Examples of problems from different regions:
- Asia: Water wastage in homes due to forgotten taps
- Africa: Lack of access to timely crop health monitoring
- Western countries: Delivery packages left unattended and stolen
- Global: Elderly people forgetting medication times
- Urban areas: High pollution areas without real-time data sharing
🧠 Step 2: List Multiple Solutions
Once you identify problems, brainstorm multiple solution paths for each one—manual and robotic. Consider both low-tech and high-tech solutions.
Example – Problem: Forgotten medication by elderly
- Use a simple alarm clock with labels (manual)
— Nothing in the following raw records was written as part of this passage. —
(* Let $1\le d<k$ and let $\mathcal{L}\subset\mathbb{R}^k=\mathbb{R}^d\times\mathbb{R}^{k-d}$ be a lattice such that the projection $\pi\colon\mathbb{R}^k\to\mathbb{R}^d$ is injective on $\mathcal{L}$ and $\pi_{\mathrm{int}}(\mathcal{L})$ is dense in $H=\mathbb{R}^{k-d}$; let $\mathcal{L}^*$ be its dual lattice, whose elements are written $(\theta,\theta^\star)$ with $\theta\in\mathbb{R}^d$, $\theta^\star\in\mathbb{R}^{k-d}$. Let $W\subset H$ be an aligned cube (faces parallel to the coordinate hyperplanes) of side length $\eta>0$. Let $t\in\mathbb{R}^d$, $R>0$ and $0<S_R\le R$, and assume $$\{\theta\in\mathbb{R}^d:(\theta,0)\in\mathcal{L}^*,\ 0<|\theta|\le S_R^{-1}\ \text{or}\ 0<|\theta+t|\le S_R^{-1}\}=\varnothing.$$ For $s\in\mathbb{R}^d$ and $\epsilon>0$ let $\mathcal{A}_s(\epsilon)=\{(x,y)\in\mathbb{R}^d\times\mathbb{R}^{k-d}: 0<|x+s|\le S_R^{-1},\ |y|\le\epsilon^{-1}\}$, and let $\epsilon_R$ be the infimum of the set of all $\epsilon>0$ for which $\mathcal{A}_0(\epsilon)\cap\mathcal{L}^*=\mathcal{A}_t(\epsilon)\cap\mathcal{L}^*=\varnothing$. Define $$\varphi_R(x)=\frac{(\mathbf{1}_{B_R}*\mathbf{1}_{B_{S_R}})(x)}{2^dS_R^d}\ (x\in\mathbb{R}^d),\qquad \psi_R(y)=\frac{(\mathbf{1}_W*\mathbf{1}_{B_{\epsilon_R}})(y)}{2^{k-d}\epsilon_R^{k-d}}\ (y\in\mathbb{R}^{k-d}).$$ If $\epsilon_R\le\eta$, then $$\Bigl|\sum_{\substack{(\theta,\theta^\star)\in\mathcal{L}^*\\ \theta+t\neq0}}\widehat{\varphi_R}(\theta+t)\,\widehat{\psi_R}(\theta^\star)\Bigr|\le C\bigl(R^{d-1}S_R\,\eta^{k-d}+R^d\epsilon_R\,\eta^{k-d-1}\bigr),$$ where the constant $C>0$ depends only on $k$ and $d$.
   Context: $\pi_{\mathrm{int}}$ is the projection of $\mathbb{R}^k$ onto its last $k-d$ coordinates. The dual lattice is $\mathcal{L}^*=\{y\in\mathbb{R}^k: y\cdot x\in\mathbb{Z}\ \forall x\in\mathcal{L}\}$. $|\cdot|$ denotes the sup-norm, and $B_r$ denotes the closed sup-norm cube of side length $2r$ centred at $0$ (in $\mathbb{R}^d$ or $\mathbb{R}^{k-d}$ as appropriate). $*$ is convolution, and the Fourier transform is $\widehat{\phi}(y)=\int e^{-2\pi i xy}\phi(x)\,dx$. *)

theory Defs
  imports "HOL-Analysis.Analysis"
begin

definition is_lattice :: "'a::euclidean_space set \<Rightarrow> bool" where
  "is_lattice L \<longleftrightarrow> (\<exists>B. independent B \<and> card B = DIM('a) \<and>
      L = {(\<Sum>b\<in>B. of_int (c b) *\<^sub>R b) | c. True})"

definition dual_lattice :: "'a::euclidean_space set \<Rightarrow> 'a set" where
  "dual_lattice L = {y. \<forall>x\<in>L. y \<bullet> x \<in> \<int>}"

definition supball :: "real \<Rightarrow> 'a::euclidean_space set" where
  "supball r = {x. infnorm x \<le> r}"

definition conv :: "('a::euclidean_space \<Rightarrow> real) \<Rightarrow> ('a \<Rightarrow> real) \<Rightarrow> 'a \<Rightarrow> real" where
  "conv f g x = (LINT y|lborel. f y * g (x - y))"

definition fourier :: "('a::euclidean_space \<Rightarrow> real) \<Rightarrow> 'a \<Rightarrow> complex" where
  "fourier \<phi> \<xi> = (LINT x|lborel. cis (- 2 * pi * (x \<bullet> \<xi>)) * complex_of_real (\<phi> x))"

definition A_set :: "real \<Rightarrow> real^'d \<Rightarrow> real \<Rightarrow> ((real^'d) \<times> (real^'h)) set" where
  "A_set S s \<epsilon> = {(x, y). 0 < infnorm (x + s) \<and> infnorm (x + s) \<le> 1 / S \<and> infnorm y \<le> 1 / \<epsilon>}"

end

theory Submission
  imports Defs
begin

(*
  In each coordinate, the Fourier transform of the normalised convolution of an interval of
  length T with the window [-r, r] has modulus m with m <= T and r z^2 m <= 1, since
  |z| |FT(1_[a,c])(z)| <= 1/pi.  Hence |phi_R^(theta + t) psi_R^(theta_star)| is a product of such
  factors, with windows S in the physical and epsilon_R in the internal coordinates.
  By the definition of epsilon_R and the density of pi_int(L), the points (theta + t, theta_star)
  lie in distinct cells of the grid of mesh 1/S resp. 1/epsilon_R, and each of them is at least
  one mesh width away from the origin in some coordinate.  Comparing with a summable majorant on
  Z^k that decays like 1/n^2 in that coordinate gives the two terms R^(d-1) S eta^(k-d) and
  R^d epsilon_R eta^(k-d-1).
*)

section \<open>Coordinates of Euclidean spaces\<close>

lemma inner_One_Basis: "b \<in> Basis \<Longrightarrow> One \<bullet> b = 1"
  by (simp add: inner_sum_left inner_Basis)

lemma supball_eq_cbox: "supball r = cbox (- (r *\<^sub>R One)) (r *\<^sub>R (One::'a::euclidean_space))"
  by (auto simp: supball_def mem_box infnorm_Max Max_le_iff abs_le_iff inner_One_Basis minus_le_iff)

lemma infnorm_less_iff: "infnorm (x::'a::euclidean_space) < r \<longleftrightarrow> (\<forall>b\<in>Basis. \<bar>x \<bullet> b\<bar> < r)"
  by (simp add: infnorm_Max Max_less_iff)

lemma norm_Pair_le_infnorm:
  fixes x :: "'a::euclidean_space" and y :: "'b::euclidean_space"
  shows "norm (x, y) \<le> sqrt DIM('a) * infnorm x + sqrt DIM('b) * infnorm y"
  using norm_Pair_le[of x y] norm_le_infnorm[of x] norm_le_infnorm[of y] by linarith

lemma sum_Basis_Pair:
  fixes f :: "'a::euclidean_space \<times> 'b::euclidean_space \<Rightarrow> 'c::comm_monoid_add"
  shows "(\<Sum>a\<in>Basis. f a) = (\<Sum>b\<in>Basis. f (b, 0)) + (\<Sum>b\<in>Basis. f (0, b))"
  unfolding Basis_prod_def
  by (subst sum.union_disjoint) (auto simp: sum.reindex inj_on_def)

lemma prod_Basis_Pair:
  fixes f :: "'a::euclidean_space \<times> 'b::euclidean_space \<Rightarrow> 'c::comm_monoid_mult"
  shows "(\<Prod>a\<in>Basis. f a) = (\<Prod>b\<in>Basis. f (b, 0)) * (\<Prod>b\<in>Basis. f (0, b))"
  unfolding Basis_prod_def
  by (subst prod.union_disjoint) (auto simp: prod.reindex inj_on_def)

lemma infnorm_fst_snd_less:
  fixes x :: "'a::euclidean_space \<times> 'b::euclidean_space"
  assumes "\<And>a. a \<in> Basis \<Longrightarrow> \<bar>x \<bullet> a\<bar> < (if snd a = 0 then r else s)"
  shows "infnorm (fst x) < r" "infnorm (snd x) < s"
proof -
  have "\<bar>fst x \<bullet> b\<bar> < r" if "b \<in> Basis" for b
    using assms[of "(b, 0)"] that by (simp add: Basis_prod_def inner_Pair_0)
  then show "infnorm (fst x) < r"
    by (simp add: infnorm_less_iff)
  have "\<bar>snd x \<bullet> b\<bar> < s" if "b \<in> Basis" for b
    using assms[of "(0, b)"] that by (simp add: Basis_prod_def inner_Pair_0 nonzero_Basis)
  then show "infnorm (snd x) < s"
    by (simp add: infnorm_less_iff)
qed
- Install a voice reminder system in the room
- Use a mobile app with scheduled notifications
- Robotic solution: A robot that speaks reminders, shows messages, and dispenses pills
- Connect medicine box to Google Assistant or Alexa
🚫 Step 3: Eliminate Weak Solutions
Evaluate each solution for practicality, cost, technical feasibility, and impact. Eliminate ones that:
- Require very advanced skills or hardware beyond your reach
- Do not solve the problem effectively
- Already exist as mature products unless your version is significantly better or cheaper
In our example: The mobile app idea already exists in many forms, and voice reminders without interaction may not be enough. But a small robot that interacts and dispenses medicine could be impactful and feasible.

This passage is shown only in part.